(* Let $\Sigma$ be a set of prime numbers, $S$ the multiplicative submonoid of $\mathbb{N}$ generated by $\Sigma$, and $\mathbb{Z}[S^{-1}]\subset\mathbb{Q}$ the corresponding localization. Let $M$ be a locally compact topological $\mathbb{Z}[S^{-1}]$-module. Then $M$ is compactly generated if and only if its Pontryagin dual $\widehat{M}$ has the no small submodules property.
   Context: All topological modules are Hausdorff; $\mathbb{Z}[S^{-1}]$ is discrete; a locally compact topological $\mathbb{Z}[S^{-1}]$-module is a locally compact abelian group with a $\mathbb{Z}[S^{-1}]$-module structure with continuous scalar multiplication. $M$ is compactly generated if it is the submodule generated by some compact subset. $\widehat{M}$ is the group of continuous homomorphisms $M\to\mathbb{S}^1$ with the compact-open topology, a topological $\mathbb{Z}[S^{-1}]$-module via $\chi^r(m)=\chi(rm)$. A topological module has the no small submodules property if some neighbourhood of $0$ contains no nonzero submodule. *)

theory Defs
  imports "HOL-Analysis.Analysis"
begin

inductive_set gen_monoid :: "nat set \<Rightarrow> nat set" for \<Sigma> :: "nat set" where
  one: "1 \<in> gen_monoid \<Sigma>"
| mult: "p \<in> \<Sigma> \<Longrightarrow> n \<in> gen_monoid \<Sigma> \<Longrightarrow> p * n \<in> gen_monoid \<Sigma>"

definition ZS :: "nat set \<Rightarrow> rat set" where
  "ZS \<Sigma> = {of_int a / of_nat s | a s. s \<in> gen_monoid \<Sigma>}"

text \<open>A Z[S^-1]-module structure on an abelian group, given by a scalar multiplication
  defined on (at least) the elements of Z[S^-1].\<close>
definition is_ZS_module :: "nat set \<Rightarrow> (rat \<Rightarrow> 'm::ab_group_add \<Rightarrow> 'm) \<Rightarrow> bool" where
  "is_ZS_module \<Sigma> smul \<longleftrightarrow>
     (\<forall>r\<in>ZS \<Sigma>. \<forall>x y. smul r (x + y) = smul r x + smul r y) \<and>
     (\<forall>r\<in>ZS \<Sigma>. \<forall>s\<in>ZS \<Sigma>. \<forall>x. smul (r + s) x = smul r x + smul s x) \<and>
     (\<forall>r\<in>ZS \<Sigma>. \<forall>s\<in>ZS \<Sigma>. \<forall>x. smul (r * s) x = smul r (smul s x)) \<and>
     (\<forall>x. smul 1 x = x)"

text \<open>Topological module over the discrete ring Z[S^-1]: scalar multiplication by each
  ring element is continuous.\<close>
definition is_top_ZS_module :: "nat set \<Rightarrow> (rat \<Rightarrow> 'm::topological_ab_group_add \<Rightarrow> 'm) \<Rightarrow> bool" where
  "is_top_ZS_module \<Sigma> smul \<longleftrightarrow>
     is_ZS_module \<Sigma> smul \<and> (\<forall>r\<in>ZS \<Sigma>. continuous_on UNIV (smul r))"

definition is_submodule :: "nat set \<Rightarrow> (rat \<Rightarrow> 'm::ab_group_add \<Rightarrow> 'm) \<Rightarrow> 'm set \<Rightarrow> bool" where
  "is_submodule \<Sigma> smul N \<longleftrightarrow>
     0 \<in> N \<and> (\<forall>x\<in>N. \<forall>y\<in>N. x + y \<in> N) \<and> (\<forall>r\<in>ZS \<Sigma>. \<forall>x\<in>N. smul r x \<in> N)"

★ ★ ★

ASSIGNMENT:
Repeat the material above exactly, including every line.

SOLUTION TO THIS EXERCISE:
(* Let $\Sigma$ be a set of prime numbers, $S$ the multiplicative submonoid of $\mathbb{N}$ generated by $\Sigma$, and $\mathbb{Z}[S^{-1}]\subset\mathbb{Q}$ the corresponding localization. Let $M$ be a locally compact topological $\mathbb{Z}[S^{-1}]$-module. Then $M$ is compactly generated if and only if its Pontryagin dual $\widehat{M}$ has the no small submodules property.
   Context: All topological modules are Hausdorff; $\mathbb{Z}[S^{-1}]$ is discrete; a locally compact topological $\mathbb{Z}[S^{-1}]$-module is a locally compact abelian group with a $\mathbb{Z}[S^{-1}]$-module structure with continuous scalar multiplication. $M$ is compactly generated if it is the submodule generated by some compact subset. $\widehat{M}$ is the group of continuous homomorphisms $M\to\mathbb{S}^1$ with the compact-open topology, a topological $\mathbb{Z}[S^{-1}]$-module via $\chi^r(m)=\chi(rm)$. A topological module has the no small submodules property if some neighbourhood of $0$ contains no nonzero submodule. *)

theory Defs
  imports "HOL-Analysis.Analysis"
begin

inductive_set gen_monoid :: "nat set \<Rightarrow> nat set" for \<Sigma> :: "nat set" where
  one: "1 \<in> gen_monoid \<Sigma>"
| mult: "p \<in> \<Sigma> \<Longrightarrow> n \<in> gen_monoid \<Sigma> \<Longrightarrow> p * n \<in> gen_monoid \<Sigma>"

definition ZS :: "nat set \<Rightarrow> rat set" where
  "ZS \<Sigma> = {of_int a / of_nat s | a s. s \<in> gen_monoid \<Sigma>}"

text \<open>A Z[S^-1]-module structure on an abelian group, given by a scalar multiplication
  defined on (at least) the elements of Z[S^-1].\<close>
definition is_ZS_module :: "nat set \<Rightarrow> (rat \<Rightarrow> 'm::ab_group_add \<Rightarrow> 'm) \<Rightarrow> bool" where
  "is_ZS_module \<Sigma> smul \<longleftrightarrow>
     (\<forall>r\<in>ZS \<Sigma>. \<forall>x y. smul r (x + y) = smul r x + smul r y) \<and>
     (\<forall>r\<in>ZS \<Sigma>. \<forall>s\<in>ZS \<Sigma>. \<forall>x. smul (r + s) x = smul r x + smul s x) \<and>
     (\<forall>r\<in>ZS \<Sigma>. \<forall>s\<in>ZS \<Sigma>. \<forall>x. smul (r * s) x = smul r (smul s x)) \<and>
     (\<forall>x. smul 1 x = x)"

text \<open>Topological module over the discrete ring Z[S^-1]: scalar multiplication by each
  ring element is continuous.\<close>
definition is_top_ZS_module :: "nat set \<Rightarrow> (rat \<Rightarrow> 'm::topological_ab_group_add \<Rightarrow> 'm) \<Rightarrow> bool" where
  "is_top_ZS_module \<Sigma> smul \<longleftrightarrow>
     is_ZS_module \<Sigma> smul \<and> (\<forall>r\<in>ZS \<Sigma>. continuous_on UNIV (smul r))"

definition is_submodule :: "nat set \<Rightarrow> (rat \<Rightarrow> 'm::ab_group_add \<Rightarrow> 'm) \<Rightarrow> 'm set \<Rightarrow> bool" where
  "is_submodule \<Sigma> smul N \<longleftrightarrow>
     0 \<in> N \<and> (\<forall>x\<in>N. \<forall>y\<in>N. x + y \<in> N) \<and> (\<forall>r\<in>ZS \<Sigma>. \<forall>x\<in>N. smul r x \<in> N)"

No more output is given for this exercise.